> **WHAT NEEDS TO BE DONE**
In the records that follow, the lines from the one containing "P B \<longleftrightarrow>" to the one containing "text \<open>Terminating runs", inclusive, are to be given again exactly.
========================
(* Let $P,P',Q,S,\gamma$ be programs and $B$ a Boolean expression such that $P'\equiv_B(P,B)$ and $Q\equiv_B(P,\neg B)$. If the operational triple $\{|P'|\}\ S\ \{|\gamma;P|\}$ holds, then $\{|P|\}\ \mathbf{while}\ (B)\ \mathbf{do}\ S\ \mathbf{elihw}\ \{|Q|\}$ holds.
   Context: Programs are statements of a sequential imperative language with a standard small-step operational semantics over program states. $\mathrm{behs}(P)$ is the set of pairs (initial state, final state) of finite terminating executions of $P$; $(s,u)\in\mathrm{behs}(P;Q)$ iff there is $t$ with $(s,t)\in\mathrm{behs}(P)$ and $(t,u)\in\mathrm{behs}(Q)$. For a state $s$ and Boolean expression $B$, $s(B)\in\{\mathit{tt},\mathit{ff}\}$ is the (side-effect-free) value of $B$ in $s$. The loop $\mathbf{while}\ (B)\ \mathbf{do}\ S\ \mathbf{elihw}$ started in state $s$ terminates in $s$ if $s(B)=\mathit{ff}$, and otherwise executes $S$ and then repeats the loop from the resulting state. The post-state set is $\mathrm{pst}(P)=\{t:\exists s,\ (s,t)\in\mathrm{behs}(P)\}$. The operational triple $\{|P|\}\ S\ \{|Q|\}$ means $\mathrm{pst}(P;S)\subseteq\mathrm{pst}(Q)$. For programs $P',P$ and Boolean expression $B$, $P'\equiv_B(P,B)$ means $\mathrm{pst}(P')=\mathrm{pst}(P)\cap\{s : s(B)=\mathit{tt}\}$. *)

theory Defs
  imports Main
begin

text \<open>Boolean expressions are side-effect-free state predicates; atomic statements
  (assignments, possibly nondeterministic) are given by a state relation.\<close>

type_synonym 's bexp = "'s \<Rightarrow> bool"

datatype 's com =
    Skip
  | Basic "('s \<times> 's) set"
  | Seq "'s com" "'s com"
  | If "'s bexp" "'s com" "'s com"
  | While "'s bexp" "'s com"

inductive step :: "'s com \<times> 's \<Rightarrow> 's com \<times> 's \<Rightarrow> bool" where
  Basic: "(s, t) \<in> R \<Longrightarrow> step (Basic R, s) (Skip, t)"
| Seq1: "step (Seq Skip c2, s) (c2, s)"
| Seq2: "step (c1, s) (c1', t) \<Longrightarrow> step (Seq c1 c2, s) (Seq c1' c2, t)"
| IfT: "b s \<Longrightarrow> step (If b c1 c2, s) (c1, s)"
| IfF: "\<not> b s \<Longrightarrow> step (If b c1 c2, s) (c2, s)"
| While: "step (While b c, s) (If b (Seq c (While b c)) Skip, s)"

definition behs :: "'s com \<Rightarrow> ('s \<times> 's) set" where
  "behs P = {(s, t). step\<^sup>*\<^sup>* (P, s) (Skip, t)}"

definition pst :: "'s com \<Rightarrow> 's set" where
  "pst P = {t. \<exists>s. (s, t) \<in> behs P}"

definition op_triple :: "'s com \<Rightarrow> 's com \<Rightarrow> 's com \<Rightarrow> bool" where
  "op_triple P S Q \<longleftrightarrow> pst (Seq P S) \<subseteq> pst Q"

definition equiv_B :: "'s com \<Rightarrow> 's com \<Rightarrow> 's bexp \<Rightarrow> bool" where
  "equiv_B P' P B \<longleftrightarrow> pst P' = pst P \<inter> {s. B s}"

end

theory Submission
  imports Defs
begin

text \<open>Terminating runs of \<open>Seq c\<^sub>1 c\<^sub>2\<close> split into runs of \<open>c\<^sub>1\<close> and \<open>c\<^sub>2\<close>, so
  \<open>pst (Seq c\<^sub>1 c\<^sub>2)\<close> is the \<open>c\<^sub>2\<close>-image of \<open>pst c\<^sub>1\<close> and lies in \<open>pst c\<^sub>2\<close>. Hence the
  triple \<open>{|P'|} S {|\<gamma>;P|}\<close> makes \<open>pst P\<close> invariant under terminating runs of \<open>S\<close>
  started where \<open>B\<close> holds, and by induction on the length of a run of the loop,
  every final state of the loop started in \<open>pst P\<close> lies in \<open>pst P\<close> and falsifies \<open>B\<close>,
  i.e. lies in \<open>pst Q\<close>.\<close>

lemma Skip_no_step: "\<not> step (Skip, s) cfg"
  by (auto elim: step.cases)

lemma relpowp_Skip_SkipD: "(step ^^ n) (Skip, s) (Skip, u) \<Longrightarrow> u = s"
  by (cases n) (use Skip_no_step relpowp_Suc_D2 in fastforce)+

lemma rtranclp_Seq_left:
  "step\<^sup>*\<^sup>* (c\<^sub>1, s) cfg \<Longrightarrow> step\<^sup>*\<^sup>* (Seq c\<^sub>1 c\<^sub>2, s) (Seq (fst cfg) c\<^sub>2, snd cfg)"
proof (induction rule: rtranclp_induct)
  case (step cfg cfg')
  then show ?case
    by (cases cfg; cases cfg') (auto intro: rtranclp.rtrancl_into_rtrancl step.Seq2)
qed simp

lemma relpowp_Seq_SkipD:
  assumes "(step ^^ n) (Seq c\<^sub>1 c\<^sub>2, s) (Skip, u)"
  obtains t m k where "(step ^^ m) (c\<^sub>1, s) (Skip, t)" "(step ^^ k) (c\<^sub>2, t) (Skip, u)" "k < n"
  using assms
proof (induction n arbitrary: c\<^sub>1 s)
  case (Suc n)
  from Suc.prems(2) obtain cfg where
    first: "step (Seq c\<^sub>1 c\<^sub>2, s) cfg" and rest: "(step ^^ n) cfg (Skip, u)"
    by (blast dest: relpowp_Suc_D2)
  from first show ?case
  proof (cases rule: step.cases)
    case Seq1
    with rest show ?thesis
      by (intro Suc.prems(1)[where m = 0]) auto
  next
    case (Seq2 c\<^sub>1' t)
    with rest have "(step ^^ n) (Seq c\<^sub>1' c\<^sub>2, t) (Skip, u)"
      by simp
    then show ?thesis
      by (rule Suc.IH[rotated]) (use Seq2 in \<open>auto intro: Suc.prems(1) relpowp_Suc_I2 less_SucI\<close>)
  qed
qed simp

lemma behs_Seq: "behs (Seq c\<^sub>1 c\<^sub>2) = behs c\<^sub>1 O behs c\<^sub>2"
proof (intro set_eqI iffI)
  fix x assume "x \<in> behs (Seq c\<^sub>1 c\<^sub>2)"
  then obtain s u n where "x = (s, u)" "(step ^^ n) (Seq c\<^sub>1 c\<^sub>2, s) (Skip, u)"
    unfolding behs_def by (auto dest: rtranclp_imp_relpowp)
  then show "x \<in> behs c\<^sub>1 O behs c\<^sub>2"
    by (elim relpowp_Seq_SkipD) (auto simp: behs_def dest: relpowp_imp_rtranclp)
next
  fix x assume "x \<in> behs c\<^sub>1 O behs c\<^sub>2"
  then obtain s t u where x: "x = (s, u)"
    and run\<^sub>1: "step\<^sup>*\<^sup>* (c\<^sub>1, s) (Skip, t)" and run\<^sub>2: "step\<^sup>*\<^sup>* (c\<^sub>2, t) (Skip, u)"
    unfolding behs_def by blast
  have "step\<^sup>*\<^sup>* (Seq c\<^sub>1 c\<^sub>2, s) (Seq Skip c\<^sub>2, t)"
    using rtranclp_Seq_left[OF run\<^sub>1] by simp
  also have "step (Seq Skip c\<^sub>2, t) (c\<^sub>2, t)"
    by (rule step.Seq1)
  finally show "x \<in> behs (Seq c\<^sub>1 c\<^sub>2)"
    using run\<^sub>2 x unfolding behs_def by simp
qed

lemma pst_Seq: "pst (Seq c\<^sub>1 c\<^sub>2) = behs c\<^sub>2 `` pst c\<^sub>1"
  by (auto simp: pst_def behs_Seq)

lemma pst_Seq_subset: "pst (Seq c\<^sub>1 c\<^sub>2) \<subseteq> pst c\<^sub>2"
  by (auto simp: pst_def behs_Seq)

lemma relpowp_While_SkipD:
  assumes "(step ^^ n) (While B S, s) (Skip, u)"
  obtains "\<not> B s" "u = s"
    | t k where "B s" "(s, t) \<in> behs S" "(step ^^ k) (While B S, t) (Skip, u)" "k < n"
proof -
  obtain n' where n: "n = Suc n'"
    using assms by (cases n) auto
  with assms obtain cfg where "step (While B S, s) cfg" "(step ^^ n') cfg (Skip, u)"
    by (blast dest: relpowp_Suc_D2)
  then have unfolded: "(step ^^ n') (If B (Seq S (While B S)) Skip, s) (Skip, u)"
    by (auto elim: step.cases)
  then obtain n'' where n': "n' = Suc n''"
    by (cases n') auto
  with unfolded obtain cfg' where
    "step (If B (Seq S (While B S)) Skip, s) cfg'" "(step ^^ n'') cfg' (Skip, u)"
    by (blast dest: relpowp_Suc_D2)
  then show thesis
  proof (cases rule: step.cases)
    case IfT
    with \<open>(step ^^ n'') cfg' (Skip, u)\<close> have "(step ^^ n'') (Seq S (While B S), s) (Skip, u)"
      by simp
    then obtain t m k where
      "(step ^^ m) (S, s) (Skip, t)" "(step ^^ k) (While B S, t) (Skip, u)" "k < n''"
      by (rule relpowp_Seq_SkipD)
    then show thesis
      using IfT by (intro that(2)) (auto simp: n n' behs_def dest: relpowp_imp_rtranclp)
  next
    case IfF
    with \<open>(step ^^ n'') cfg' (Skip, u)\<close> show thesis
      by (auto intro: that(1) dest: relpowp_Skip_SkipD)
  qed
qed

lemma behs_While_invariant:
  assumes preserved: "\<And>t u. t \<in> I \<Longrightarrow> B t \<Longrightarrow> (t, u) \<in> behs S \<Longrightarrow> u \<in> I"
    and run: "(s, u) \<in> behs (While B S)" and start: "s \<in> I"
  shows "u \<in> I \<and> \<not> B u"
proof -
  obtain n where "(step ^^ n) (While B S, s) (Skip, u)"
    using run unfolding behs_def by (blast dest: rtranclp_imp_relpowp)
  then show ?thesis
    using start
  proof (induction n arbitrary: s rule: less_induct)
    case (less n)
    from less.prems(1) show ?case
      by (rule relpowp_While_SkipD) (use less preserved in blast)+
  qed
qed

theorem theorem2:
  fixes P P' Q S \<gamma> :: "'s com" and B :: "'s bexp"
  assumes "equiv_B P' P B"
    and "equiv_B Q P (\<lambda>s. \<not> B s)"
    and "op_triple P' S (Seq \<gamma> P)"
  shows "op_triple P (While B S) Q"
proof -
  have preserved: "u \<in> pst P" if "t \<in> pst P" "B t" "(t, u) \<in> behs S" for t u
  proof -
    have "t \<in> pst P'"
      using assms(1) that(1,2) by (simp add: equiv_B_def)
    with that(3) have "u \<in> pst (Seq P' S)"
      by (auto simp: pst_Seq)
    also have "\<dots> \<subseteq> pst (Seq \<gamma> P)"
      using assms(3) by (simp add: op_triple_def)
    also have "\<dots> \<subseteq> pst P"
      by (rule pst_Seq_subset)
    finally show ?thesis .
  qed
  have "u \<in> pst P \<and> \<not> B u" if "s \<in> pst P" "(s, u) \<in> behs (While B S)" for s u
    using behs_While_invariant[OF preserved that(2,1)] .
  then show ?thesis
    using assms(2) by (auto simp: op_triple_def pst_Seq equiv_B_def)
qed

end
========================
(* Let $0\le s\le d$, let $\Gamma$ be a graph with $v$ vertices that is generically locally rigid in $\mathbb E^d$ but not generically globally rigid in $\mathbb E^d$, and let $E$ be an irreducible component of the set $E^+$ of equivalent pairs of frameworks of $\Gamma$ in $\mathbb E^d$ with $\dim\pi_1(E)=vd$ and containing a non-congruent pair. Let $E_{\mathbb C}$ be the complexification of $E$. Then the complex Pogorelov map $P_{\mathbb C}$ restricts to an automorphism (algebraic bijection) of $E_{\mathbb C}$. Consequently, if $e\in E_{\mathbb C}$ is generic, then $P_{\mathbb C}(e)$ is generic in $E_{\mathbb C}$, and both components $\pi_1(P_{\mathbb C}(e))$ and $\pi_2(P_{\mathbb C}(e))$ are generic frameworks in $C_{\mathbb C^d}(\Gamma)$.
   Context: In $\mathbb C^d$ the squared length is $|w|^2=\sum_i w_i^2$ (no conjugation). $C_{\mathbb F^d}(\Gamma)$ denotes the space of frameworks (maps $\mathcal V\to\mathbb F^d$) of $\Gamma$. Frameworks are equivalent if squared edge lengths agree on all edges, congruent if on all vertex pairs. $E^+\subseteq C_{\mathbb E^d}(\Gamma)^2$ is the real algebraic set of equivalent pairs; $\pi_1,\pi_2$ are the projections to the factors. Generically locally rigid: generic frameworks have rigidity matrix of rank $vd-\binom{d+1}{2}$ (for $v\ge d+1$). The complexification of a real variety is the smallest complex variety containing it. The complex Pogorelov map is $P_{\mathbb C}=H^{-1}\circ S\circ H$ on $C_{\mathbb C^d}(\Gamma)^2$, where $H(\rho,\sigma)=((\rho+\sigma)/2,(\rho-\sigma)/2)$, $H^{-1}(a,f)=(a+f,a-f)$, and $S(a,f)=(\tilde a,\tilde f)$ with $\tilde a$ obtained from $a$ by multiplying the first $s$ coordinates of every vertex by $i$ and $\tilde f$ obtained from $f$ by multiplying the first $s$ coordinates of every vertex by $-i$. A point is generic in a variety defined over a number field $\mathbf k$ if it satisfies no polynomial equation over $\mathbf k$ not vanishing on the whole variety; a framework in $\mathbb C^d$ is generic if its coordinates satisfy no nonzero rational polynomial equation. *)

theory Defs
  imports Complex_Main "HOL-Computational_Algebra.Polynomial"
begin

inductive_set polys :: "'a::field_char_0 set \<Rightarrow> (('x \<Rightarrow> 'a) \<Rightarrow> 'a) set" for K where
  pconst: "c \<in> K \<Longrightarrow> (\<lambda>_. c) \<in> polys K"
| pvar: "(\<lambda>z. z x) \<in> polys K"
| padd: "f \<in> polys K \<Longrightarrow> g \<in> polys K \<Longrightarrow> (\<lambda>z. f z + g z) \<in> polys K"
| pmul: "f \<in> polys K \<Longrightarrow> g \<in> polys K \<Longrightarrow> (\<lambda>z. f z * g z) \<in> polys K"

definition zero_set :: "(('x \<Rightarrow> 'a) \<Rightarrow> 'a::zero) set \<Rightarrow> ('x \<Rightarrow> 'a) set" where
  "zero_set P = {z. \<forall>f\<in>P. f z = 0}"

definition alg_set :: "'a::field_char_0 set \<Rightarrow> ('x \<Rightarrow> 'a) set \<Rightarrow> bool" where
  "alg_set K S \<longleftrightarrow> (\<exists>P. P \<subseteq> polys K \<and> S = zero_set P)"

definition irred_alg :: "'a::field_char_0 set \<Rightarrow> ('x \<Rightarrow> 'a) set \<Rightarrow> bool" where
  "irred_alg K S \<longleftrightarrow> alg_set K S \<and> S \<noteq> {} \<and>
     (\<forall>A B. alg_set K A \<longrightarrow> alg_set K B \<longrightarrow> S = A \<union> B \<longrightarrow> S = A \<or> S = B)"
========================
> **ANSWER SECTION**
  "equiv_B P' P B \<longleftrightarrow> pst P' = pst P \<inter> {s. B s}"

end

theory Submission
  imports Defs
begin

text \<open>Terminating runs of \<open>Seq c\<^sub>1 c\<^sub>2\<close> split into runs of \<open>c\<^sub>1\<close> and \<open>c\<^sub>2\<close>, so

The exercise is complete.